(* For integers $k\geq l\geq 0$ and $n\geq 0$, let $q^*_n(k,l)$ be the number of ways to write the vector $(k,l)$ as an unordered sum of $n$ vectors (a vector partition into $n$ parts) each lying in $\{(0,0),(1,0),(0,1),(1,1)\}$, where each of $(0,0)$ and $(1,1)$ is used at most once while $(1,0)$ and $(0,1)$ may be used any number of times. Then $$\{S_{(k,l)'}\}_n=\begin{cases}q^*_n(k,l)-q^*_n(k+1,l-1)&\text{if } l>0,\\ q^*_n(k,l)&\text{if } l=0.\end{cases}$$
   Context: For $i\geq1$, $X_i(\sigma)$ is the number of $i$-cycles of $\sigma$. For a partition $\alpha=1^{a_1}2^{a_2}\cdots$ let $\binom X\alpha=\prod_i\binom{X_i}{a_i}$, $|\alpha|=\sum ia_i$, $l(\alpha)=\sum a_i$. For $m\geq0$ let $E_m=\sum_{\alpha\vdash m}(-1)^{|\alpha|-l(\alpha)}\binom X\alpha$ (so $E_0=1$), and set $E_m=0$ for $m<0$. Define $S_{(k,l)'}=E_kE_l-E_{k+1}E_{l-1}$ (the character polynomial of $W_{(k,l)'}(\mathbb C^n)$, $(k,l)'$ the conjugate partition). The signed moment of $p\in\mathbb C[X_1,X_2,\dotsc]$ is $\{p\}_n=\frac1{n!}\sum_{\sigma\in S_n}\mathrm{sgn}(\sigma)p(X_1(\sigma),X_2(\sigma),\dotsc)$. *)

theory Defs
  imports Complex_Main "HOL-Combinatorics.Combinatorics" "HOL-Library.Multiset"
begin

definition cycle_count :: "nat \<Rightarrow> (nat \<Rightarrow> nat) \<Rightarrow> nat \<Rightarrow> nat" where
  "cycle_count n \<sigma> i = card {orbit \<sigma> x | x. x \<in> {1..n} \<and> card (orbit \<sigma> x) = i}"

text \<open>Partitions alpha = 1^a1 2^a2 ... of m, encoded by multiplicity functions a
  supported on {1..m} with sum i*a_i = m.\<close>
definition partitions_mult :: "nat \<Rightarrow> (nat \<Rightarrow> nat) set" where
  "partitions_mult m = {a. (\<forall>i. a i \<noteq> 0 \<longrightarrow> 1 \<le> i \<and> i \<le> m) \<and> (\<Sum>i=1..m. i * a i) = m}"

text \<open>E_m evaluated at cycle counts X (X i = X_i); E_m = 0 for m < 0.\<close>
definition E_poly :: "int \<Rightarrow> (nat \<Rightarrow> nat) \<Rightarrow> int" where
  "E_poly m X = (if m < 0 then 0 else
     (\<Sum>a\<in>partitions_mult (nat m).
        (-1) ^ (nat m - (\<Sum>i=1..nat m. a i)) * (\<Prod>i=1..nat m. int (X i choose a i))))"

definition S_conj :: "nat \<Rightarrow> nat \<Rightarrow> (nat \<Rightarrow> nat) \<Rightarrow> int" where
  "S_conj k l X = E_poly (int k) X * E_poly (int l) X
                 - E_poly (int k + 1) X * E_poly (int l - 1) X"

definition signed_moment :: "nat \<Rightarrow> ((nat \<Rightarrow> nat) \<Rightarrow> int) \<Rightarrow> real" where
  "signed_moment n p = (1 / fact n) *
     (\<Sum>\<sigma>\<in>{\<sigma>. \<sigma> permutes {1..n}}. real_of_int (sign \<sigma> * p (cycle_count n \<sigma>)))"

definition qstar :: "nat \<Rightarrow> nat \<Rightarrow> nat \<Rightarrow> nat" where
  "qstar n k l = card {M :: (nat \<times> nat) multiset.
      set_mset M \<subseteq> {(0,0),(1,0),(0,1),(1,1)} \<and> size M = n \<and>
      count M (0,0) \<le> 1 \<and> count M (1,1) \<le> 1 \<and>
      sum_mset (image_mset fst M) = k \<and> sum_mset (image_mset snd M) = l}"

end

theory Submission
  imports Defs "HOL-Library.Disjoint_Sets"
begin

(*
  At the cycle counts of a permutation p of S, E_m is the trace of p on the m-th exterior power of
  the permutation module: the sum, over the p-invariant m-subsets A of S, of the sign of p
  restricted to A. Invariant sets are unions of cycles, and grouping sets of cycles by their cycle
  type gives the defining sum of E_m.

  Hence n! times the signed moment of E_a E_b is a sum over pairs (A, B) of an a-subset and a
  b-subset of S = {1..n}, of the sum over the permutations p stabilizing both sets of
  sgn p sgn(p|A) sgn(p|B) = sgn(p|A \<inter> B) sgn(p|S - (A \<union> B)). If one of these two regions contains
  two points, composing with their transposition is a sign-reversing involution; otherwise the
  stabilizer is Sym(A - B) \<times> Sym(B - A) and every summand is 1. Summing |A - B|! |B - A|! over the
  surviving pairs gives n! q*_n(a, b), the at most one point of A \<inter> B and of S - (A \<union> B) playing
  the roles of the parts (1,1) and (0,0).
*)

section \<open>Signs of permutations on invariant sets\<close>

lemma sign_cycle_of_list:
  "distinct cs \<Longrightarrow> sign (cycle_of_list cs) = (-1) ^ (length cs - 1)"
proof (induction cs rule: cycle_of_list.induct)
  case (1 i j cs)
  have "sign (cycle_of_list (i # j # cs)) = sign (transpose i j) * sign (cycle_of_list (j # cs))"
    by (simp add: sign_compose permutation_swap_id permutation_of_cycle)
  also have "\<dots> = - ((-1) ^ (length (j # cs) - 1))"
    using 1 by (simp add: sign_swap_id)
  finally show ?case by (simp del: cycle_of_list.simps)
qed simp_all

definition sign_on :: "('a \<Rightarrow> 'a) \<Rightarrow> 'a set \<Rightarrow> int" where
  "sign_on p A = sign (perm_restrict p A)"

lemma perm_restrict_permutes:
  assumes "inj p" "p ` A = A"
  shows "perm_restrict p A permutes A"
proof (rule bij_imp_permutes)
  have "bij_betw p A A"
    using assms by (metis bij_betw_def inj_on_subset subset_UNIV)
  then show "bij_betw (perm_restrict p A) A A"
    by (rule bij_betw_cong[THEN iffD1, rotated]) (simp add: perm_restrict_simps)
qed (simp add: perm_restrict_simps)

lemma sign_on_Un:
  assumes "inj p" "finite A" "finite B" "A \<inter> B = {}" "p ` A = A" "p ` B = B"
  shows "sign_on p (A \<union> B) = sign_on p A * sign_on p B"
proof -
  have pA: "perm_restrict p A permutes A" and pB: "perm_restrict p B permutes B"
    using assms perm_restrict_permutes by blast+
  then have "perm_restrict p (A \<union> B) = perm_restrict p A \<circ> perm_restrict p B"
    using perm_restrict_union assms(4) by metis
  moreover have "permutation (perm_restrict p A)" "permutation (perm_restrict p B)"
    using pA pB assms(2,3) permutation_permutes by blast+
  ultimately show ?thesis
    unfolding sign_on_def by (simp add: sign_compose)
qed

lemma sign_on_orbit:
  assumes "permutation p"
  shows "sign_on p (orbit p s) = (-1) ^ (card (orbit p s) - 1)"
proof -
  have set_support: "set (support p s) = orbit p s"
    using support_set[OF assms] orbit_altdef_permutation[OF assms] by auto
  have "perm_restrict p (orbit p s) = cycle_of_list (support p s)"
  proof
    fix x
    show "perm_restrict p (orbit p s) x = cycle_of_list (support p s) x"
      using cycle_restrict[OF assms, of x s] id_outside_supp[of x "support p s"] set_support
      by (cases "x \<in> orbit p s") (simp_all add: perm_restrict_simps)
  qed
  moreover have "distinct (support p s)"
    using cycle_of_permutation[OF assms] .
  ultimately show ?thesis
    unfolding sign_on_def using sign_cycle_of_list set_support by (metis distinct_card)
qed

lemma orbit_subset_invariant:
  assumes "p ` A = A" "x \<in> A"
  shows "orbit p x \<subseteq> A"
proof
  fix y assume "y \<in> orbit p x"
  then show "y \<in> A" by induct (use assms in auto)
qed

lemma orbit_invariant:
  assumes "permutation p"
  shows "p ` orbit p x = orbit p x"
proof
  show "p ` orbit p x \<subseteq> orbit p x"
    by (auto intro: orbit.step)
  show "orbit p x \<subseteq> p ` orbit p x"
  proof
    fix y assume "y \<in> orbit p x"
    then show "y \<in> p ` orbit p x"
      by cases (use permutation_self_in_orbit[OF assms] in auto)
  qed
qed

lemma orbit_eq_of_mem:
  assumes "permutation p" "y \<in> orbit p x"
  shows "orbit p y = orbit p x"
  using orbit_cyclic_eq3[OF cyclic_on_orbit'[OF assms(1)] assms(2)] .

definition orbits :: "('a \<Rightarrow> 'a) \<Rightarrow> 'a set \<Rightarrow> 'a set set" where
  "orbits p A = (\<lambda>x. orbit p x) ` A"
________________
### EXERCISE PROMPT:
Please output exactly the lines between the one holding "p B permutes" and the one holding "using perm_restrict_union assms(4)" in the records above, inclusive, and nothing more.

### SOLUTION FOR THIS PROBLEM:
  have pA: "perm_restrict p A permutes A" and pB: "perm_restrict p B permutes B"
    using assms perm_restrict_permutes by blast+
  then have "perm_restrict p (A \<union> B) = perm_restrict p A \<circ> perm_restrict p B"
    using perm_restrict_union assms(4) by metis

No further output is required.